PELOSI: I’m not sure anybody actually came out to me. I think they just were who they were and I respected that. I do know of stories of people who told me when they first came out to their families, they were telling them that not only were they gay, but they were infected with HIV, which was a hard story to tell to some families. But I don’t know if anybody actually came out to me and we met that way. I mean, we just all respected each other and that’s the way it was.
You have to know that in San Francisco, in those days, before HIV and AIDS and the rest, the LGBTQ people I knew were active in the community. I knew them from social services, I knew them from other community events, I knew them from sports. They were involved in everything. And then all of a sudden, it became a big community, but everybody knew them separately and apart from being part of the LGBTQ community.
Two of my first mentors in the LGBTQ community were Phyllis Martin and Del Lyon, who were a couple for 55 years. Del Martin passed away a number of years ago.

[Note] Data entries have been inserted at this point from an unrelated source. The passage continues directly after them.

(* Let $r\in\mathbb{N}$, let $\mathbf{e}=(e_1,\ldots,e_r)\in\mathbb{Z}^r$, and suppose the Jordan totient quotient $J_{\mathbf e}$ has weight $w=\sum_{i=1}^r ie_i=0$. Then $\mathfrak{S}_{\mathbf e}>0$ and, for $x\ge 2$, \[ \sum_{n\le x}J_{\mathbf e}(n)=\mathfrak{S}_{\mathbf e}\,x+O_{\mathbf e}\big((\log x)^{|e_1|}\big). \]
   Context: Throughout, $p$ denotes a prime. For an integer $k\ge1$, the $k$-th Jordan totient is $J_k(n)=n^k\prod_{p\mid n}(1-p^{-k})$. For $\mathbf e=(e_1,\ldots,e_r)\in\mathbb{Z}^r$ the Jordan totient quotient is $J_{\mathbf e}(n)=\prod_{i=1}^r J_i(n)^{e_i}=n^w\prod_{p\mid n}\prod_{i=1}^r(1-p^{-i})^{e_i}$, where $w=\sum_i ie_i$ is its weight. Define $\mathfrak{S}_{\mathbf e}=\prod_p\left(1+\frac{J_{\mathbf e}(p)p^{-w}-1}{p}\right)$. *)

theory Defs
  imports "HOL-Analysis.Analysis" "HOL-Computational_Algebra.Primes"
begin

definition jordan_totient :: "nat \<Rightarrow> nat \<Rightarrow> real" where
  "jordan_totient k n = real n ^ k * (\<Prod>p\<in>prime_factors n. 1 - 1 / real p ^ k)"

definition jordan_quot :: "(nat \<Rightarrow> int) \<Rightarrow> nat \<Rightarrow> nat \<Rightarrow> real" where
  "jordan_quot e r n = (\<Prod>i\<in>{1..r}. jordan_totient i n powi e i)"

definition jq_weight :: "(nat \<Rightarrow> int) \<Rightarrow> nat \<Rightarrow> int" where
  "jq_weight e r = (\<Sum>i\<in>{1..r}. int i * e i)"

definition jq_factor :: "(nat \<Rightarrow> int) \<Rightarrow> nat \<Rightarrow> nat \<Rightarrow> real" where
  "jq_factor e r p = (if prime p then
      1 + (jordan_quot e r p * real p powi (- jq_weight e r) - 1) / real p else 1)"

definition jq_sing :: "(nat \<Rightarrow> int) \<Rightarrow> nat \<Rightarrow> real" where
  "jq_sing e r = (\<Prod>p. jq_factor e r p)"

end

theory Submission
  imports Defs
begin

text \<open>
  For weight zero the powers of n cancel and J_e(n) = prod_{p | n} f(1/p) with
  f(u) = prod_i (1 - u^i)^(e_i) = 1 - e_1 u + O(u^2).  Hence J_e = 1 * g for the multiplicative
  function g supported on squarefree numbers with g(p) = f(1/p) - 1 = O(|e_1|/p + 1/p^2), and
  sum_{n <= x} J_e(n) = sum_{d <= x} g(d) floor(x/d)
                      = S x - x sum_{d > x} g(d)/d + O(sum_{d <= x} |g(d)|),
  where S = sum_d g(d)/d is the Euler product defining the singular series.  By Rankin's trick
  both error sums are at most x^s prod_p (1 + |g(p)| p^(-s)) <= x^s e^c (1 + 1/s)^|e_1|, and
  s = 1/(1 + ln x) turns this into O((ln x)^|e_1|).  The Euler product converges absolutely and its
  factors are positive, so S > 0.
\<close>

lemma prod_power_int_distrib:
  "(\<Prod>x\<in>A. f x) powi k = (\<Prod>x\<in>A. f x powi k :: 'a :: field)"
  by (induction A rule: infinite_finite_induct) (auto simp: power_int_mult_distrib)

But they really taught me a lot about lesbian health issues and bereavement challenges, and how important it was for the community to have the respect it deserved, and what some of the practical ramifications were of not having that. I don’t ever remember not being involved with the LGBTQ community for one thing or another, because the community was involved in so many ways in San Francisco.
I do remember one person who came out to me, now that you mention it. It was a person who worked for me. I knew her as a mom with children, and then one day, she said to me, “There’s something I have to tell you.” But by the time she told me that, it really didn’t matter. It was like, “Good for you! Congratulations!” It wasn’t, “Oh dear, can I help you in any way?” It was her joy to be sharing this transition, this passage that she had made.
MW: You mentioned that you knew people that were coming out to their families and also admitting that they had HIV. Do you remember when you first started hearing about the disease, and what made it so personal to you when you were fighting for HIV/AIDS funding in Congress?
PELOSI: Well in our community, all of a sudden, there were stories of what was happening at UCSF, that they were seeing evidence of a disease that could not be identified, except that it was related to the breakdown in the immune system. And then people were susceptible to any and all kinds of things.
Around the same time, people all around us, close friends and the rest, were being diagnosed — and at the time, sadly, this was a death sentence. We were going to funerals more than once a day, certainly multiple funerals in a week, of dear, darling friends, or people that we had worked with. I remember so many people who had come to my home to help me with family celebrations or Democratic celebrations or whatever it was, and the shock of knowing that they were HIV-infected, it was very, very, very sad.
If you told me then, 30-some years ago, that we would still not have a cure for AIDS today, I would have never believed you because we thought, “We have to get to work on this. We have to get the money, for research, for care, and for prevention.” And we still, while we have improved the quality of life, we still haven’t eliminated HIV the way I would have hoped for, projecting out ten years at that time.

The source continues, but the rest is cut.